Why the NASCAR Gen 7 Car is Failing
When the Next-Gen car debuted in 2022, it already made a huge impact on the sport by being unlike any generation of cars prior. Despite that, it looked like it could be the car that would save NASCAR from fading into obscurity because it made the intermediate tracks watchable and even good again. It had its issues on short tracks and road courses, but there was hope that the problems with those tracks could be fixed. Time travel three years later, short tracks and road courses are still not good, and the quality of intermediate races has started to dwindle. To sell the idea on how this car is starting to produce more boring races, all the races in April, which were Martinsville, Darlington, Bristol, Talladega, and Texas, were underwhelming. Not all of them were bad, but none were races worth remembering. Why is this decline happening?

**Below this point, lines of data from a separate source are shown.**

lemma weakly_convergent_closed_subspace:
  assumes hs: "\<And>k. hs k \<in> H" and h: "h \<in> H" and bound: "\<And>k. \<parallel>hs k\<parallel> \<le> m"
  shows "closed_subspace {x\<in>H. (\<lambda>k. ip (hs k) x) \<longlonglongrightarrow> ip h x}"
  unfolding closed_subspace_def
proof (intro conjI allI ballI impI)
  fix f g
  assume "f \<in> {x\<in>H. (\<lambda>k. ip (hs k) x) \<longlonglongrightarrow> ip h x}" "g \<in> {x\<in>H. (\<lambda>k. ip (hs k) x) \<longlonglongrightarrow> ip h x}"
  then show "(\<lambda>z. f z + g z) \<in> {x\<in>H. (\<lambda>k. ip (hs k) x) \<longlonglongrightarrow> ip h x}"
    using hs h by (auto simp: ip_add_right intro: tendsto_add)
next
  fix f c
  assume "f \<in> {x\<in>H. (\<lambda>k. ip (hs k) x) \<longlonglongrightarrow> ip h x}"
  then show "(\<lambda>z. c * f z) \<in> {x\<in>H. (\<lambda>k. ip (hs k) x) \<longlonglongrightarrow> ip h x}"
    using hs h by (auto simp: ip_scale_right intro: tendsto_mult_left)
next
  fix s x
  assume "(\<forall>n. s n \<in> {x\<in>H. (\<lambda>k. ip (hs k) x) \<longlonglongrightarrow> ip h x}) \<and> x \<in> H \<and>
    (\<lambda>n. \<parallel>\<lambda>z. s n z - x z\<parallel>) \<longlonglongrightarrow> 0"
  then have sH: "\<And>n. s n \<in> H" and s_lim: "\<And>n. (\<lambda>k. ip (hs k) (s n)) \<longlonglongrightarrow> ip h (s n)"
    and x: "x \<in> H" and lim: "(\<lambda>n. \<parallel>\<lambda>z. s n z - x z\<parallel>) \<longlonglongrightarrow> 0"
    by auto
  define K where "K = \<bar>m\<bar> + \<parallel>h\<parallel> + 1"
  have K: "K > 0"
    using h by (simp add: K_def add_nonneg_pos)
  have "(\<lambda>k. ip (hs k) x) \<longlonglongrightarrow> ip h x"
  proof (rule LIMSEQ_I)
    fix e :: real
    assume e: "e > 0"
    obtain n where n: "\<parallel>\<lambda>z. s n z - x z\<parallel> < e / (2 * K)"
      using order_tendstoD(2)[OF lim, of "e / (2 * K)"] e K by (auto dest: eventually_happens)
    obtain k0 where k0: "\<And>k. k \<ge> k0 \<Longrightarrow> cmod (ip (hs k) (s n) - ip h (s n)) < e / 2"
      using LIMSEQ_D[OF s_lim[of n], of "e / 2"] e by auto
    have "cmod (ip (hs k) x - ip h x) < e" if "k \<ge> k0" for k
    proof -
      have lip1: "cmod (ip (hs k) x - ip (hs k) (s n)) \<le> \<parallel>hs k\<parallel> * \<parallel>\<lambda>z. s n z - x z\<parallel>"
        using ip_right_lipschitz[OF hs x sH, of k n] hnorm_diff_commute[OF x sH, of n] by simp
      have lip2: "cmod (ip h (s n) - ip h x) \<le> \<parallel>h\<parallel> * \<parallel>\<lambda>z. s n z - x z\<parallel>"
        using ip_right_lipschitz[OF h sH x, of n] .
      have "cmod (ip (hs k) x - ip h x) \<le>
          cmod (ip (hs k) x - ip (hs k) (s n)) + cmod (ip (hs k) (s n) - ip h (s n)) +
          cmod (ip h (s n) - ip h x)"
        using norm_triangle_ineq[of "ip (hs k) x - ip (hs k) (s n) + (ip (hs k) (s n) - ip h (s n))"
            "ip h (s n) - ip h x"]
          norm_triangle_ineq[of "ip (hs k) x - ip (hs k) (s n)" "ip (hs k) (s n) - ip h (s n)"]
        by simp
      also have "\<dots> \<le> \<parallel>hs k\<parallel> * \<parallel>\<lambda>z. s n z - x z\<parallel> + cmod (ip (hs k) (s n) - ip h (s n)) +
          \<parallel>h\<parallel> * \<parallel>\<lambda>z. s n z - x z\<parallel>"
        using lip1 lip2 by linarith
      also have "\<dots> \<le> K * \<parallel>\<lambda>z. s n z - x z\<parallel> + cmod (ip (hs k) (s n) - ip h (s n))"
      proof -
        have d: "\<parallel>\<lambda>z. s n z - x z\<parallel> \<ge> 0"
          using sH x by simp
        then have "\<parallel>hs k\<parallel> * \<parallel>\<lambda>z. s n z - x z\<parallel> \<le> \<bar>m\<bar> * \<parallel>\<lambda>z. s n z - x z\<parallel>"
          using bound[of k] by (intro mult_right_mono) auto
        moreover have "K * \<parallel>\<lambda>z. s n z - x z\<parallel> =
            \<bar>m\<bar> * \<parallel>\<lambda>z. s n z - x z\<parallel> + \<parallel>h\<parallel> * \<parallel>\<lambda>z. s n z - x z\<parallel> + \<parallel>\<lambda>z. s n z - x z\<parallel>"
          by (simp add: K_def algebra_simps)
        ultimately show ?thesis
          using d by linarith
      qed
      also have "\<dots> < e / 2 + e / 2"
        using n K k0[OF that] by (simp add: field_simps)
      finally show ?thesis by simp
    qed
    then show "\<exists>k0. \<forall>k\<ge>k0. norm (ip (hs k) x - ip h x) < e"
      by blast
  qed
  with x show "x \<in> {x\<in>H. (\<lambda>k. ip (hs k) x) \<longlonglongrightarrow> ip h x}"
    by blast
qed (use hs h in auto)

Quite possibly the biggest flaw with this car that is now rearing its ugly head badly is that the car simply races TOO good. The core components of a stock car are an engine that has high levels of horsepower, small brakes that allow for wheel spin, and narrow tires that lead to a lot of tire wear. None of these elements are in the Gen 7 car. Gen 7 cars have 670 horsepower on all tracks besides superspeedways. The tires are wider than ever, and the brakes are too big, making the brake zones smaller and not allowing any wheel spins or lockups to happen. All these factors make these races way less grueling on the drivers because they do not have to showcase their skillset as much. Less challenge for the drivers equals less opportunity for mistakes, great drivers to run up front, and fewer passes to be made. Another reason why this car races too well is that the cars are the same at their core. Every Gen 7 car has the same kind of chassis, which is the skeleton of a racecar. Two people with the same skeleton would move and operate the same, and so would two or more racecars. Amplified to the maximum with more than 35 cars on the track every week, there are 35+ cars with the same skeleton driving the same way on a Sunday afternoon. This makes everyone so equal to the point where having a better driver and engine in a certain car does not do much to make that driver and car better than other drivers. This is made evident when drivers can get stuck in the high teens to low 20s despite having a car capable of contending for the win. Case in point, in the most recent NASCAR race at Texas, McDowell got track position late by taking two tires, and on the restart, took the lead and almost won despite being nowhere close to winning speed all day. No one can truly stand out on their own because track position means way more in today’s NASCAR than it ever has, and when no driver can do anything to separate themselves, no one feels special or like a genuine, talented driver. To quote the villain in the movie, The Incredibles – “And when everyone is super, no one is”.
Overall, NASCAR is in a rut right now. The people in charge of NASCAR have seemed to have given up on trying to fix the car while putting all the pressure on Goodyear to improve the racing, so there is a chance we may not see any major improvements to the car. Goodyear can do all they can, but when the issue is with the car, NASCAR needs to make the big changes like adding Horsepower, making the tires less wide to allow for more fall-off, and making the brakes smaller to allow for driver skill to be on display.